**Exercise**
Find the line holding "text \<open>frame vector" in the entries below. Give it again exactly, along with every line after it up to and including the line holding "(omega_v om (\<lambda>c".

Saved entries
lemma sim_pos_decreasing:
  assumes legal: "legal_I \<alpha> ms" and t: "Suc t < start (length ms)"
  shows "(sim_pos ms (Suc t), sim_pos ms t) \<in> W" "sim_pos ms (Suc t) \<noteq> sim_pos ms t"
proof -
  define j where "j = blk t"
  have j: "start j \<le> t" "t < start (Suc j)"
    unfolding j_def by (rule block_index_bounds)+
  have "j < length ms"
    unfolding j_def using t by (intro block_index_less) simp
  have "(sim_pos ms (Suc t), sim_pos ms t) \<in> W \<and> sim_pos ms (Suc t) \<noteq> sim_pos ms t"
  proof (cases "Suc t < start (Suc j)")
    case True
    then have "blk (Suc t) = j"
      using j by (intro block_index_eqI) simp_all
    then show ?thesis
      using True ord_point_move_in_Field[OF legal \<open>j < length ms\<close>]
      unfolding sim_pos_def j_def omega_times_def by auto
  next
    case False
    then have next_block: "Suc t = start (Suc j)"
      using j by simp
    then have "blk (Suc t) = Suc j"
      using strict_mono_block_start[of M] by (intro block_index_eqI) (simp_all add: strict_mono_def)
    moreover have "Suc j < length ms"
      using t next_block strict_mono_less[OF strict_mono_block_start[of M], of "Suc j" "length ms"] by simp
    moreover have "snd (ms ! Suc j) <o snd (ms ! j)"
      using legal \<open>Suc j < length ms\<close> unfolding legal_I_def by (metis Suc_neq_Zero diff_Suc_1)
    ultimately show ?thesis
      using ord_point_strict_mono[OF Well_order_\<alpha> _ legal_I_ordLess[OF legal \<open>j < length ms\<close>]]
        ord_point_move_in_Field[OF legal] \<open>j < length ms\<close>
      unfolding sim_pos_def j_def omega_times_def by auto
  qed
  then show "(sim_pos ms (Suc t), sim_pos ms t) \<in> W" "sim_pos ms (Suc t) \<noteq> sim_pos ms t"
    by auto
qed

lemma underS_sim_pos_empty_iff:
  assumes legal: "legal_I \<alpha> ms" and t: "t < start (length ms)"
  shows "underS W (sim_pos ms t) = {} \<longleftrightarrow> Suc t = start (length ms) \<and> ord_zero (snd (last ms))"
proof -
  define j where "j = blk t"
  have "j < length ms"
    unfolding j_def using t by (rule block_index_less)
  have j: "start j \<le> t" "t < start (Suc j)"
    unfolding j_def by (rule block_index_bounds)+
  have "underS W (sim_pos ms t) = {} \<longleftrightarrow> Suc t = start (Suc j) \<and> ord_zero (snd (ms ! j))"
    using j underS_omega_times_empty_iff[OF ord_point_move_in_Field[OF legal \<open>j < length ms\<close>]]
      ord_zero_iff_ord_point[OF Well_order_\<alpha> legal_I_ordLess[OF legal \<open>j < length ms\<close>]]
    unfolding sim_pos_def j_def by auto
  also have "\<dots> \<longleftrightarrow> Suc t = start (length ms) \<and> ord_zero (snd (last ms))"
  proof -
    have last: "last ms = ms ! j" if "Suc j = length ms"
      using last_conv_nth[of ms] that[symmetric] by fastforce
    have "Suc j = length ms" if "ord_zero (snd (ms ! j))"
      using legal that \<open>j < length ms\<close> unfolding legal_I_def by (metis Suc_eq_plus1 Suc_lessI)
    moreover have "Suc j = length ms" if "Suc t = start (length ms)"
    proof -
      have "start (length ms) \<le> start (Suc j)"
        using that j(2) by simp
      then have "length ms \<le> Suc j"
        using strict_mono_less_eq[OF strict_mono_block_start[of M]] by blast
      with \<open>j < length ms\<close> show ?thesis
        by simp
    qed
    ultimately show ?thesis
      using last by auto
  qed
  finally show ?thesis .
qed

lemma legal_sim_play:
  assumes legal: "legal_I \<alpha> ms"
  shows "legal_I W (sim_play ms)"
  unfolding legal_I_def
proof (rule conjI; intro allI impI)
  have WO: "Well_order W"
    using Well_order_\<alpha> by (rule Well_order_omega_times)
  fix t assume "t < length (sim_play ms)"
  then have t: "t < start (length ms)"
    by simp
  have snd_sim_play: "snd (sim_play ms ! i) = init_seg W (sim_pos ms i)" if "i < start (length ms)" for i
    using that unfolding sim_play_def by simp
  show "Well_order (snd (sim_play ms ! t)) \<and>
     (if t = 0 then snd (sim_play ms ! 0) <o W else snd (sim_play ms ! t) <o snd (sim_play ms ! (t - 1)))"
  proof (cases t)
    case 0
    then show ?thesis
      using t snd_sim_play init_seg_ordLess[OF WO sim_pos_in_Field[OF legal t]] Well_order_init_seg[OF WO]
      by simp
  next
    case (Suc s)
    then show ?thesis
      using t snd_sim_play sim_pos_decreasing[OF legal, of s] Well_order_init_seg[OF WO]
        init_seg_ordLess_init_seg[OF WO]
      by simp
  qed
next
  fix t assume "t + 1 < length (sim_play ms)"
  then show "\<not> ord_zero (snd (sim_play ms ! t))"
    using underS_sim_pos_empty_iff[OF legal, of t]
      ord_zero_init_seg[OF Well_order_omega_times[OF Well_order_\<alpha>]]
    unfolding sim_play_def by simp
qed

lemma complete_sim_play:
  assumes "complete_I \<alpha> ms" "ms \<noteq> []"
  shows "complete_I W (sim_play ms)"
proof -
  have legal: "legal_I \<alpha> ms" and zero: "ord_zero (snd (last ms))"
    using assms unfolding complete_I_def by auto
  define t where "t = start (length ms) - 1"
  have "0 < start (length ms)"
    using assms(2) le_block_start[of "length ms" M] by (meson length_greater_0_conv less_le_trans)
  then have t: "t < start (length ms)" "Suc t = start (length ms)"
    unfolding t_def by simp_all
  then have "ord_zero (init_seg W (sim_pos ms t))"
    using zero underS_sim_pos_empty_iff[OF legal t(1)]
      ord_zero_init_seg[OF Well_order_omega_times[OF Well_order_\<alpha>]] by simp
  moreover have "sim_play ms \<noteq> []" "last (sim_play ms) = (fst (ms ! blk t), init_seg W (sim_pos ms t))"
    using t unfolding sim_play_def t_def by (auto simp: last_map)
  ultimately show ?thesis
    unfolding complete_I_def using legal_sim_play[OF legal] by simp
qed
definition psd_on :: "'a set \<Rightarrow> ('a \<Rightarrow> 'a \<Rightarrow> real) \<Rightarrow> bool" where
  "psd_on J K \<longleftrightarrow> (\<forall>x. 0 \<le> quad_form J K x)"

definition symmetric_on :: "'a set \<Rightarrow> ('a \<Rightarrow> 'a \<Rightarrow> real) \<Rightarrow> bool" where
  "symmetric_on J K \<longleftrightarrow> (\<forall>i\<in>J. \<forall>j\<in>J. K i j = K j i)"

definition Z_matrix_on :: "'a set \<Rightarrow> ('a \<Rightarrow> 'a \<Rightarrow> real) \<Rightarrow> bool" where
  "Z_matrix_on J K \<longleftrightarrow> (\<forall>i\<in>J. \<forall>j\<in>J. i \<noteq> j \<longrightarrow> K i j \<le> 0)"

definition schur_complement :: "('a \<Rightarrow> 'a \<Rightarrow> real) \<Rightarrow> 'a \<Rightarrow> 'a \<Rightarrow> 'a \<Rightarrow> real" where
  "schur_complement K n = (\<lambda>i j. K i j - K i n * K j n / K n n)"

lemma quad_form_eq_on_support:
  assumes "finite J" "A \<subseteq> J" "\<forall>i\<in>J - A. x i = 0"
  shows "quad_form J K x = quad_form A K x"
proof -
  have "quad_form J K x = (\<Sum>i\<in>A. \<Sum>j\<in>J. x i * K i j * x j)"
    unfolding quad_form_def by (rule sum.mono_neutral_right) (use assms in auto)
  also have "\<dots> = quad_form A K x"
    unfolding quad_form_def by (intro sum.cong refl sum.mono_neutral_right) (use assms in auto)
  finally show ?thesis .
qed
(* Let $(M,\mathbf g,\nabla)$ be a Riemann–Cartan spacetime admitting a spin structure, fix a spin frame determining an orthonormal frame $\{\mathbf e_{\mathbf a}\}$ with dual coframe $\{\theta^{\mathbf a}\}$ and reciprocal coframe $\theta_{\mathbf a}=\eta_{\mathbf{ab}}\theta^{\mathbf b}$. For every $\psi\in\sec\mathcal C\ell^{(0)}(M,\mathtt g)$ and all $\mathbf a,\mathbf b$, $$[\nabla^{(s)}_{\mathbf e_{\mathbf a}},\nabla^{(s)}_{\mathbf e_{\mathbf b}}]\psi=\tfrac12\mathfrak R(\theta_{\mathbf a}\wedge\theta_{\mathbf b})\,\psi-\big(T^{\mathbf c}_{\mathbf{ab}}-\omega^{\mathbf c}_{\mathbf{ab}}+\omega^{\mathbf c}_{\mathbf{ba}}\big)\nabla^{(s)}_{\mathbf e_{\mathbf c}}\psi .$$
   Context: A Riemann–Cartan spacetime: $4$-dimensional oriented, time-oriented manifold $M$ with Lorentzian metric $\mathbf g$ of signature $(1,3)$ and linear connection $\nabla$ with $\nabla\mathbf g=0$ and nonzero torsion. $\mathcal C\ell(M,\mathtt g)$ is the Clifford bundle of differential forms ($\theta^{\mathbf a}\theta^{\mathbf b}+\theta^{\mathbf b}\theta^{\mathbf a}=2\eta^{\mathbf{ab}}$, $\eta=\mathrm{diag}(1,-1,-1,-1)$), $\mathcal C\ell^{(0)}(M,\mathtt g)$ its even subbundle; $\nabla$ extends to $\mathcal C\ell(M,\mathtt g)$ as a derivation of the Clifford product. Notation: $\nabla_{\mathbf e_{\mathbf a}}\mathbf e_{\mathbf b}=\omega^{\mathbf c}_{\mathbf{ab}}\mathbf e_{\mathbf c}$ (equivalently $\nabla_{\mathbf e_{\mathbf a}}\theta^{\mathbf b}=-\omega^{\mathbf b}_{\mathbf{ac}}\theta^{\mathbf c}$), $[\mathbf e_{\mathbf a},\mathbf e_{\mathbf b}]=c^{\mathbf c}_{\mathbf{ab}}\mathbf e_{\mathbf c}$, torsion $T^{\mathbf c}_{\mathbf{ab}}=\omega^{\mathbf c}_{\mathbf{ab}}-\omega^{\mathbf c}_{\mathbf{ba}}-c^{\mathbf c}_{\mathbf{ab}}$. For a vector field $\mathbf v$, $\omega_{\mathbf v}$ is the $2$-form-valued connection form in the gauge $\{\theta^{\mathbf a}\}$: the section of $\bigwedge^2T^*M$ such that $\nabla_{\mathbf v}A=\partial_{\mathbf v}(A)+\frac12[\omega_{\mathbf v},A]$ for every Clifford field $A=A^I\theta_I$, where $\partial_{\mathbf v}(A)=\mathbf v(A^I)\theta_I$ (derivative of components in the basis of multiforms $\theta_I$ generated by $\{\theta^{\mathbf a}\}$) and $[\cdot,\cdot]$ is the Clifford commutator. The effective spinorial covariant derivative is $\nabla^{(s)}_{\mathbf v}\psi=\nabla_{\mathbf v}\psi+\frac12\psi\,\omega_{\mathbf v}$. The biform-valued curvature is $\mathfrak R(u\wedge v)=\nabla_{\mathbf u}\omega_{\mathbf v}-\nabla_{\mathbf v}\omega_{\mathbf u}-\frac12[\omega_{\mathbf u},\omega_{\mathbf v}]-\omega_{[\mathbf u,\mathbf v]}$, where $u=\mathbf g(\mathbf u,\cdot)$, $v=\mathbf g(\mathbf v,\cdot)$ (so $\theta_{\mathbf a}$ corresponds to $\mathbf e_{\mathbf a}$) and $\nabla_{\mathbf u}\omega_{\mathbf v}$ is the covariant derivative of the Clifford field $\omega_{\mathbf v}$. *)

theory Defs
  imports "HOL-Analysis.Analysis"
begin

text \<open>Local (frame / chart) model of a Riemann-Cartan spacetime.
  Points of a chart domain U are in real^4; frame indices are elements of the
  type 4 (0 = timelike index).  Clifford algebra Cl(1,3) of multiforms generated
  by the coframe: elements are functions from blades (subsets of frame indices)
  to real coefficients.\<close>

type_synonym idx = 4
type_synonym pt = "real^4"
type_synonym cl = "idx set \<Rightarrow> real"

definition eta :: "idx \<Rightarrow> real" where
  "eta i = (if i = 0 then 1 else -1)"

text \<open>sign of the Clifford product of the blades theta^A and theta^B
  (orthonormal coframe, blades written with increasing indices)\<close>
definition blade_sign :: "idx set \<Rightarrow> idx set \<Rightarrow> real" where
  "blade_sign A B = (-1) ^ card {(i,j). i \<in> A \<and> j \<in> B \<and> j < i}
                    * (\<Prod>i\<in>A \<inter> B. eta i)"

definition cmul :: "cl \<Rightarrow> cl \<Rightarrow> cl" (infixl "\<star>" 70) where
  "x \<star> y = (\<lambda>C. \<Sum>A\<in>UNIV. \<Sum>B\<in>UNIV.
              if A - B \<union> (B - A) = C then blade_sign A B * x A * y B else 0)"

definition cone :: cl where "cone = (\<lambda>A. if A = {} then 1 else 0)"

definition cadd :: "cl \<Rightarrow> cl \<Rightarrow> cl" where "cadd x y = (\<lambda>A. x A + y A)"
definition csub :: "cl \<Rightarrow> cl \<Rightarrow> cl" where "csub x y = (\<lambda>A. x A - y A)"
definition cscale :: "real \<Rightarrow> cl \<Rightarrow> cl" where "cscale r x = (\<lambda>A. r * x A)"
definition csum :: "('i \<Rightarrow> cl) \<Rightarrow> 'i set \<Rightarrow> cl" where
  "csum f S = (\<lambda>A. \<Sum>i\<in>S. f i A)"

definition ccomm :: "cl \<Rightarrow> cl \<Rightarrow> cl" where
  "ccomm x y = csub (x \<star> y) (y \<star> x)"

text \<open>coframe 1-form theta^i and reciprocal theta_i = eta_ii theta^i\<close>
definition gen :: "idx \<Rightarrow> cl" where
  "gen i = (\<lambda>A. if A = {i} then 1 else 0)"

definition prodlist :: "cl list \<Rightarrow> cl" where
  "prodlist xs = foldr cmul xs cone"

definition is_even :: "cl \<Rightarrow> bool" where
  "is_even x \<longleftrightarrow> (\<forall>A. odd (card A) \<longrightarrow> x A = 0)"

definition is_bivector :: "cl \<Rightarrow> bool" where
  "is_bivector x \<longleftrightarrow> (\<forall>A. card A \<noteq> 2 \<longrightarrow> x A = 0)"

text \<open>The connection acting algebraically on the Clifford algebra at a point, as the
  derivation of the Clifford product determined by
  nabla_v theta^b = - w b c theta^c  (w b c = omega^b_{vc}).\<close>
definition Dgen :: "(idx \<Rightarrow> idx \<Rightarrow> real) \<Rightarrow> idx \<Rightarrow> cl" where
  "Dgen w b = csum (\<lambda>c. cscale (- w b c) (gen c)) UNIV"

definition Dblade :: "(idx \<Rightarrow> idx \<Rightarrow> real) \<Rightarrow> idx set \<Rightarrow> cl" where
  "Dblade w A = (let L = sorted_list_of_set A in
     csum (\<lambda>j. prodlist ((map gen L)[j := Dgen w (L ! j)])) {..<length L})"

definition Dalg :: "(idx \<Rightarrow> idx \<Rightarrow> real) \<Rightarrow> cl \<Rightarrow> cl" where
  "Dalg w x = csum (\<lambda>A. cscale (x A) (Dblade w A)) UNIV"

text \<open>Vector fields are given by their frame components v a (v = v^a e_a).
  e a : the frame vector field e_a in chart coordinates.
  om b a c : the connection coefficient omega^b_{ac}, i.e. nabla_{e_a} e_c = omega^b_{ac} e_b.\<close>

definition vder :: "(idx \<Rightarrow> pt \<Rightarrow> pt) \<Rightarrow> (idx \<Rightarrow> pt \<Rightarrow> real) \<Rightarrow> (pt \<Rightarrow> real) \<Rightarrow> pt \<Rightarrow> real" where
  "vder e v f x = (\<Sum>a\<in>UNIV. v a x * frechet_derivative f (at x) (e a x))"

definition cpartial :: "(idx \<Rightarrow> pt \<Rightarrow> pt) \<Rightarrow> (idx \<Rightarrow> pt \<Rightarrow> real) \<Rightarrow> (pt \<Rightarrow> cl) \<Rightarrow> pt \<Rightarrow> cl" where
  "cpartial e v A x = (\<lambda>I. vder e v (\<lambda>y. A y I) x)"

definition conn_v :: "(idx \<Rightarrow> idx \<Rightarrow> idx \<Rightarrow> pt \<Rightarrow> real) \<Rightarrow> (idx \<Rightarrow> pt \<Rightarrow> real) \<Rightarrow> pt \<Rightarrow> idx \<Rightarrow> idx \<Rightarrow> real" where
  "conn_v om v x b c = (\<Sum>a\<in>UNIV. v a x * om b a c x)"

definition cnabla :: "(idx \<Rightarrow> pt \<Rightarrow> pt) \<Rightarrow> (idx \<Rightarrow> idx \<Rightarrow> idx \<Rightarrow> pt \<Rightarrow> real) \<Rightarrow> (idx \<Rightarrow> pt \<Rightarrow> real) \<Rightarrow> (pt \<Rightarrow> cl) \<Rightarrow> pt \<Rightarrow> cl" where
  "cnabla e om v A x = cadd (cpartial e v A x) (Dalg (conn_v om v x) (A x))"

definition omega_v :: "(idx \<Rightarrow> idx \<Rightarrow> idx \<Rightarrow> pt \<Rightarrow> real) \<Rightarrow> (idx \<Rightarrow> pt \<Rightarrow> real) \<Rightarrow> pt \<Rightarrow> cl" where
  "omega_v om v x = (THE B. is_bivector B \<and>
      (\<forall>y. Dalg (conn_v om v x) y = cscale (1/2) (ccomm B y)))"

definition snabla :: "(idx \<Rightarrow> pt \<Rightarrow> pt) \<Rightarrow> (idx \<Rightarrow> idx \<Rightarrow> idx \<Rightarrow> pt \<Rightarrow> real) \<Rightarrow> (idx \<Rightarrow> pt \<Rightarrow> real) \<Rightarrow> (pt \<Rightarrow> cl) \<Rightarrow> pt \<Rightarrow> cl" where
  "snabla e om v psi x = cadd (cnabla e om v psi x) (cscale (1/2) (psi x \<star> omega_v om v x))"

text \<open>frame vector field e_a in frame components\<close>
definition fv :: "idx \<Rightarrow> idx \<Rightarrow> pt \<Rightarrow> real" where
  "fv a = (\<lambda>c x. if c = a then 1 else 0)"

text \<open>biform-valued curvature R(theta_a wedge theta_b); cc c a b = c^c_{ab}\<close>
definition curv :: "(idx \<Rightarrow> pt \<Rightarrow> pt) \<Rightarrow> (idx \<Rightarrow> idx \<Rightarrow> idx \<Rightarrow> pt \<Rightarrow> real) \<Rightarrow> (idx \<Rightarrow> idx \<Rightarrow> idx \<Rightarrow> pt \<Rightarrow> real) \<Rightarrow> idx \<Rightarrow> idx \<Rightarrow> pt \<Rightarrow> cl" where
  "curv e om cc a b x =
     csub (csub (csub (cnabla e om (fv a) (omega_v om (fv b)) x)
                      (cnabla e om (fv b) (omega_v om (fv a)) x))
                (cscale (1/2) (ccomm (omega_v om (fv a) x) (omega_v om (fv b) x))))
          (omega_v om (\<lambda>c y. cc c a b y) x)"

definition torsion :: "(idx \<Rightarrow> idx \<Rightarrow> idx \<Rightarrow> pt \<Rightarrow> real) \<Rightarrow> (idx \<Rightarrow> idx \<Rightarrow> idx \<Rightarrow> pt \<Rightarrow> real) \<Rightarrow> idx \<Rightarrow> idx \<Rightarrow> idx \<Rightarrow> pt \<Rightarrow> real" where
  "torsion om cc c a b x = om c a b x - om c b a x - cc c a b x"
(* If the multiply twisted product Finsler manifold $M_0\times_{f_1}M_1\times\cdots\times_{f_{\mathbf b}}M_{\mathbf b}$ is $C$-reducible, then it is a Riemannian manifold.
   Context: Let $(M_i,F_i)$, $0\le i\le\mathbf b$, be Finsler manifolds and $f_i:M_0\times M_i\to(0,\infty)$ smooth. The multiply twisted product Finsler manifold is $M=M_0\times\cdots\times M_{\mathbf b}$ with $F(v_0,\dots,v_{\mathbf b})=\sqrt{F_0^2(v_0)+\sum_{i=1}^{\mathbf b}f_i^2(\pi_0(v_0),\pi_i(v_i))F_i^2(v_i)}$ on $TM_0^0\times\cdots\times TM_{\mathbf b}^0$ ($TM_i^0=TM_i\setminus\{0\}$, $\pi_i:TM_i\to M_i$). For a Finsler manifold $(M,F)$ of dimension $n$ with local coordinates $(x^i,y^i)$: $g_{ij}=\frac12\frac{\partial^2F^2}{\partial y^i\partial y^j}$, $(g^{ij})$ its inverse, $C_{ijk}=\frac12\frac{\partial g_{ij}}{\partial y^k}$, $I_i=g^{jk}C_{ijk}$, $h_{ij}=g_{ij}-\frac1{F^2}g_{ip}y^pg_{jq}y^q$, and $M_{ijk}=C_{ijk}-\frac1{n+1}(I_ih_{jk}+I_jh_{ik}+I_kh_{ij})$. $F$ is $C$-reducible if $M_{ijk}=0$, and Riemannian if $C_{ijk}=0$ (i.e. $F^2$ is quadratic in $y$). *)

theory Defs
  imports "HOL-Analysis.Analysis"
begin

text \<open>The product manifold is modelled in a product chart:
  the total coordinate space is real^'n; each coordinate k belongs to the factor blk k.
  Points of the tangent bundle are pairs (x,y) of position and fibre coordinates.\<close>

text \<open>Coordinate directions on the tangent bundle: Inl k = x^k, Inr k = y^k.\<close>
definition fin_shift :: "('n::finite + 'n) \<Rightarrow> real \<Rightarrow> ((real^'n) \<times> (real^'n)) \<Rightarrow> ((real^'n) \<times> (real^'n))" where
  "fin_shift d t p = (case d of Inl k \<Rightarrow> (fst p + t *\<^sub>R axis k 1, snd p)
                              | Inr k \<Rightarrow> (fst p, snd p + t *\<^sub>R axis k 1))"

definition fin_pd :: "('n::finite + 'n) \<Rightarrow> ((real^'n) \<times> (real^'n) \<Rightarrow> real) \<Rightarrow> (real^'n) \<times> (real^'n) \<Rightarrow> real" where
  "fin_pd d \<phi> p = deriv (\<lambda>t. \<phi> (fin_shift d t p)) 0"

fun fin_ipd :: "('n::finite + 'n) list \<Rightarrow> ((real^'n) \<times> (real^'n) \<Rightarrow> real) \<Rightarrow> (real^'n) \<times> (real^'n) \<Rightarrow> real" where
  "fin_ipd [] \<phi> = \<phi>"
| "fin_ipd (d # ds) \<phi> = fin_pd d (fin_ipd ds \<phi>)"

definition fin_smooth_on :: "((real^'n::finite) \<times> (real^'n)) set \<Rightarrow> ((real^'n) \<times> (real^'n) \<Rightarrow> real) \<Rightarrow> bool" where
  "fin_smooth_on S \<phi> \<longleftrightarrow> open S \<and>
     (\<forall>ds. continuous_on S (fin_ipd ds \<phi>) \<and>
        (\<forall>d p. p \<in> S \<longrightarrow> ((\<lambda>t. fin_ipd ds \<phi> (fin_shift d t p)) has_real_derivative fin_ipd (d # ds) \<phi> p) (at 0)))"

**Completed exercise**
text \<open>frame vector field e_a in frame components\<close>
definition fv :: "idx \<Rightarrow> idx \<Rightarrow> pt \<Rightarrow> real" where
  "fv a = (\<lambda>c x. if c = a then 1 else 0)"

text \<open>biform-valued curvature R(theta_a wedge theta_b); cc c a b = c^c_{ab}\<close>
definition curv :: "(idx \<Rightarrow> pt \<Rightarrow> pt) \<Rightarrow> (idx \<Rightarrow> idx \<Rightarrow> idx \<Rightarrow> pt \<Rightarrow> real) \<Rightarrow> (idx \<Rightarrow> idx \<Rightarrow> idx \<Rightarrow> pt \<Rightarrow> real) \<Rightarrow> idx \<Rightarrow> idx \<Rightarrow> pt \<Rightarrow> cl" where
  "curv e om cc a b x =
     csub (csub (csub (cnabla e om (fv a) (omega_v om (fv b)) x)
                      (cnabla e om (fv b) (omega_v om (fv a)) x))
                (cscale (1/2) (ccomm (omega_v om (fv a) x) (omega_v om (fv b) x))))
          (omega_v om (\<lambda>c y. cc c a b y) x)"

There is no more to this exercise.